lemma crawl_next_minimal:
  assumes "finite V" "inj_on w V" "u \<in> V" "E v u"
  shows "crawl_next E V w v \<in> V \<and> E v (crawl_next E V w v)
    \<and> (\<forall>x\<in>V. E v x \<longrightarrow> w (crawl_next E V w v) \<le> w x)"
proof -
  let ?N = "{x\<in>V. E v x}"
  have "finite (w ` ?N)" "w ` ?N \<noteq> {}" using assms by auto
  then obtain m where "m \<in> ?N" "w m = Min (w ` ?N)"
    by (metis (no_types, lifting) Min_in imageE)
  then have "m \<in> V" "E v m" "\<forall>x\<in>V. E v x \<longrightarrow> w m \<le> w x"
    using \<open>finite (w ` ?N)\<close> by auto
  then show ?thesis using crawl_next_eqI[OF assms(2)] by simp
qed

locale robot_crawler = initial_weighting +
  fixes E :: "'a \<Rightarrow> 'a \<Rightarrow> bool"
  assumes V_nonempty: "V \<noteq> {}"
    and has_neighbour: "v \<in> V \<Longrightarrow> \<exists>u\<in>V. E v u"
begin

definition weight :: "nat \<Rightarrow> 'a \<Rightarrow> int" where
  "weight t = fst (crawl E V w0 t)"

definition position :: "nat \<Rightarrow> 'a" where
  "position t = snd (crawl E V w0 t)"

abbreviation cleaned_at :: "nat \<Rightarrow> 'a set" where
  "cleaned_at t \<equiv> cleaned E V w0 t"

lemma weight_0: "weight 0 = w0"
  by (simp add: weight_def)

lemma weight_Suc: "weight (Suc t) = (weight t)(position (Suc t) := int (Suc t))"
  unfolding weight_def position_def by (cases "crawl E V w0 t") (simp add: Let_def)

lemma position_Suc:
  "position (Suc t) = (if t = 0 then (THE x. x \<in> V \<and> w0 x = - int (card V))
     else crawl_next E V (weight t) (position t))"
  unfolding weight_def position_def by (cases "crawl E V w0 t") (simp add: Let_def)

lemma cleaned_at_0: "cleaned_at 0 = {}"
  by (simp add: cleaned_def)

lemma cleaned_at_Suc: "cleaned_at (Suc t) = insert (position (Suc t)) (cleaned_at t)"
  unfolding cleaned_def position_def[symmetric] by (auto simp: le_Suc_eq)

lemma cleaned_at_mono: "s \<le> t \<Longrightarrow> cleaned_at s \<subseteq> cleaned_at t"
  unfolding cleaned_def by auto

lemma position_1: "position (Suc 0) \<in> V \<and> w0 (position (Suc 0)) = - int (card V)"
proof -
  have "1 \<le> card V"
    using V_nonempty finite_V by (simp add: Suc_le_eq card_gt_0_iff)
  then have "- int (card V) \<in> w0 ` V"
    unfolding w0_image by simp
  then obtain x where x: "x \<in> V" "w0 x = - int (card V)" by auto
  have "\<exists>!x. x \<in> V \<and> w0 x = - int (card V)"
  proof (rule ex1I[of _ x])
    fix y assume "y \<in> V \<and> w0 y = - int (card V)"
    then show "y = x" using x inj_onD[OF w0_inj] by auto
  qed (use x in simp)
  from theI'[OF this] show ?thesis by (simp add: position_Suc)
qed

lemma crawl_invariant:
  "cleaned_at t \<subseteq> V \<and> inj_on (weight t) V
   \<and> (\<forall>v\<in>V - cleaned_at t. weight t v = w0 v)
   \<and> (\<forall>v\<in>cleaned_at t. 0 < weight t v \<and> weight t v \<le> int t)"
proof (induction t)
  case 0
  show ?case using w0_inj by (simp add: weight_0 cleaned_at_0)
next
  case (Suc t)
  let ?u = "position (Suc t)"
  have u_in_V: "?u \<in> V"
  proof (cases "t = 0")
    case False
    then have "position t \<in> V"
      using Suc.IH cleaned_at_Suc[of "t - 1"] by auto
    then obtain u where "u \<in> V" "E (position t) u" using has_neighbour by blast
    then show ?thesis
      using crawl_next_minimal[OF finite_V _ \<open>u \<in> V\<close>] Suc.IH False by (simp add: position_Suc)
  qed (use position_1 in simp)
  have below: "weight t v \<le> int t" if "v \<in> V" for v
    using Suc.IH w0_range[OF that] that by (cases "v \<in> cleaned_at t") force+
  have "int (Suc t) \<notin> weight t ` V"
    using below by fastforce
  then have "inj_on (weight (Suc t)) V"
    unfolding weight_Suc by (rule inj_on_fun_updI[OF conjunct1[OF conjunct2[OF Suc.IH]]])
  moreover have "weight (Suc t) v = w0 v" if "v \<in> V - cleaned_at (Suc t)" for v
    using Suc.IH that unfolding weight_Suc cleaned_at_Suc by simp
  moreover have "0 < weight (Suc t) v \<and> weight (Suc t) v \<le> int (Suc t)"
    if "v \<in> cleaned_at (Suc t)" for v
    using Suc.IH that unfolding weight_Suc cleaned_at_Suc by fastforce
  ultimately show ?case
    using Suc.IH u_in_V by (simp add: cleaned_at_Suc)
qed

lemma cleaned_at_subset: "cleaned_at t \<subseteq> V"
  using crawl_invariant by blast

lemma card_cleaned_at_less:
  assumes "position (Suc t) \<notin> cleaned_at t"
  shows "card (cleaned_at t) < card (cleaned_at (Suc t))"
proof -
  have "finite (cleaned_at t)" using finite_subset[OF cleaned_at_subset finite_V] .
  then show ?thesis using assms by (simp add: cleaned_at_Suc)
qed

lemma position_in_V: "1 \<le> t \<Longrightarrow> position t \<in> V"
  using cleaned_at_subset cleaned_at_Suc[of "t - 1"] by auto

lemma position_Suc_neighbour:
  assumes "1 \<le> t"
  shows "position (Suc t) \<in> V \<and> E (position t) (position (Suc t))"
proof -
  obtain u where "u \<in> V" "E (position t) u"
    using has_neighbour position_in_V assms by blast
  then show ?thesis
    using crawl_next_minimal[OF finite_V, of "weight t" u E "position t"] crawl_invariant[of t] assms
    by (simp add: position_Suc)
qed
....
◆ **WHAT THE TASK ASKS**
Please set down the entire material above exactly as presented.

◆ **EXERCISE RESPONSE**
lemma crawl_next_minimal:
  assumes "finite V" "inj_on w V" "u \<in> V" "E v u"
  shows "crawl_next E V w v \<in> V \<and> E v (crawl_next E V w v)
    \<and> (\<forall>x\<in>V. E v x \<longrightarrow> w (crawl_next E V w v) \<le> w x)"
proof -
  let ?N = "{x\<in>V. E v x}"
  have "finite (w ` ?N)" "w ` ?N \<noteq> {}" using assms by auto
  then obtain m where "m \<in> ?N" "w m = Min (w ` ?N)"
    by (metis (no_types, lifting) Min_in imageE)
  then have "m \<in> V" "E v m" "\<forall>x\<in>V. E v x \<longrightarrow> w m \<le> w x"
    using \<open>finite (w ` ?N)\<close> by auto
  then show ?thesis using crawl_next_eqI[OF assms(2)] by simp
qed

locale robot_crawler = initial_weighting +
  fixes E :: "'a \<Rightarrow> 'a \<Rightarrow> bool"
  assumes V_nonempty: "V \<noteq> {}"
    and has_neighbour: "v \<in> V \<Longrightarrow> \<exists>u\<in>V. E v u"
begin

definition weight :: "nat \<Rightarrow> 'a \<Rightarrow> int" where
  "weight t = fst (crawl E V w0 t)"

definition position :: "nat \<Rightarrow> 'a" where
  "position t = snd (crawl E V w0 t)"

abbreviation cleaned_at :: "nat \<Rightarrow> 'a set" where
  "cleaned_at t \<equiv> cleaned E V w0 t"

lemma weight_0: "weight 0 = w0"
  by (simp add: weight_def)

lemma weight_Suc: "weight (Suc t) = (weight t)(position (Suc t) := int (Suc t))"
  unfolding weight_def position_def by (cases "crawl E V w0 t") (simp add: Let_def)

lemma position_Suc:
  "position (Suc t) = (if t = 0 then (THE x. x \<in> V \<and> w0 x = - int (card V))
     else crawl_next E V (weight t) (position t))"
  unfolding weight_def position_def by (cases "crawl E V w0 t") (simp add: Let_def)

lemma cleaned_at_0: "cleaned_at 0 = {}"
  by (simp add: cleaned_def)

lemma cleaned_at_Suc: "cleaned_at (Suc t) = insert (position (Suc t)) (cleaned_at t)"
  unfolding cleaned_def position_def[symmetric] by (auto simp: le_Suc_eq)

lemma cleaned_at_mono: "s \<le> t \<Longrightarrow> cleaned_at s \<subseteq> cleaned_at t"
  unfolding cleaned_def by auto

lemma position_1: "position (Suc 0) \<in> V \<and> w0 (position (Suc 0)) = - int (card V)"
proof -
  have "1 \<le> card V"
    using V_nonempty finite_V by (simp add: Suc_le_eq card_gt_0_iff)
  then have "- int (card V) \<in> w0 ` V"
    unfolding w0_image by simp
  then obtain x where x: "x \<in> V" "w0 x = - int (card V)" by auto
  have "\<exists>!x. x \<in> V \<and> w0 x = - int (card V)"
  proof (rule ex1I[of _ x])
    fix y assume "y \<in> V \<and> w0 y = - int (card V)"
    then show "y = x" using x inj_onD[OF w0_inj] by auto
  qed (use x in simp)
  from theI'[OF this] show ?thesis by (simp add: position_Suc)
qed

lemma crawl_invariant:
  "cleaned_at t \<subseteq> V \<and> inj_on (weight t) V
   \<and> (\<forall>v\<in>V - cleaned_at t. weight t v = w0 v)
   \<and> (\<forall>v\<in>cleaned_at t. 0 < weight t v \<and> weight t v \<le> int t)"
proof (induction t)
  case 0
  show ?case using w0_inj by (simp add: weight_0 cleaned_at_0)
next
  case (Suc t)
  let ?u = "position (Suc t)"
  have u_in_V: "?u \<in> V"
  proof (cases "t = 0")
    case False
    then have "position t \<in> V"
      using Suc.IH cleaned_at_Suc[of "t - 1"] by auto
    then obtain u where "u \<in> V" "E (position t) u" using has_neighbour by blast
    then show ?thesis
      using crawl_next_minimal[OF finite_V _ \<open>u \<in> V\<close>] Suc.IH False by (simp add: position_Suc)
  qed (use position_1 in simp)
  have below: "weight t v \<le> int t" if "v \<in> V" for v
    using Suc.IH w0_range[OF that] that by (cases "v \<in> cleaned_at t") force+
  have "int (Suc t) \<notin> weight t ` V"
    using below by fastforce
  then have "inj_on (weight (Suc t)) V"
    unfolding weight_Suc by (rule inj_on_fun_updI[OF conjunct1[OF conjunct2[OF Suc.IH]]])
  moreover have "weight (Suc t) v = w0 v" if "v \<in> V - cleaned_at (Suc t)" for v
    using Suc.IH that unfolding weight_Suc cleaned_at_Suc by simp
  moreover have "0 < weight (Suc t) v \<and> weight (Suc t) v \<le> int (Suc t)"
    if "v \<in> cleaned_at (Suc t)" for v
    using Suc.IH that unfolding weight_Suc cleaned_at_Suc by fastforce
  ultimately show ?case
    using Suc.IH u_in_V by (simp add: cleaned_at_Suc)
qed

lemma cleaned_at_subset: "cleaned_at t \<subseteq> V"
  using crawl_invariant by blast

lemma card_cleaned_at_less:
  assumes "position (Suc t) \<notin> cleaned_at t"
  shows "card (cleaned_at t) < card (cleaned_at (Suc t))"
proof -
  have "finite (cleaned_at t)" using finite_subset[OF cleaned_at_subset finite_V] .
  then show ?thesis using assms by (simp add: cleaned_at_Suc)
qed

lemma position_in_V: "1 \<le> t \<Longrightarrow> position t \<in> V"
  using cleaned_at_subset cleaned_at_Suc[of "t - 1"] by auto

lemma position_Suc_neighbour:
  assumes "1 \<le> t"
  shows "position (Suc t) \<in> V \<and> E (position t) (position (Suc t))"
proof -
  obtain u where "u \<in> V" "E (position t) u"
    using has_neighbour position_in_V assms by blast
  then show ?thesis
    using crawl_next_minimal[OF finite_V, of "weight t" u E "position t"] crawl_invariant[of t] assms
    by (simp add: position_Suc)
qed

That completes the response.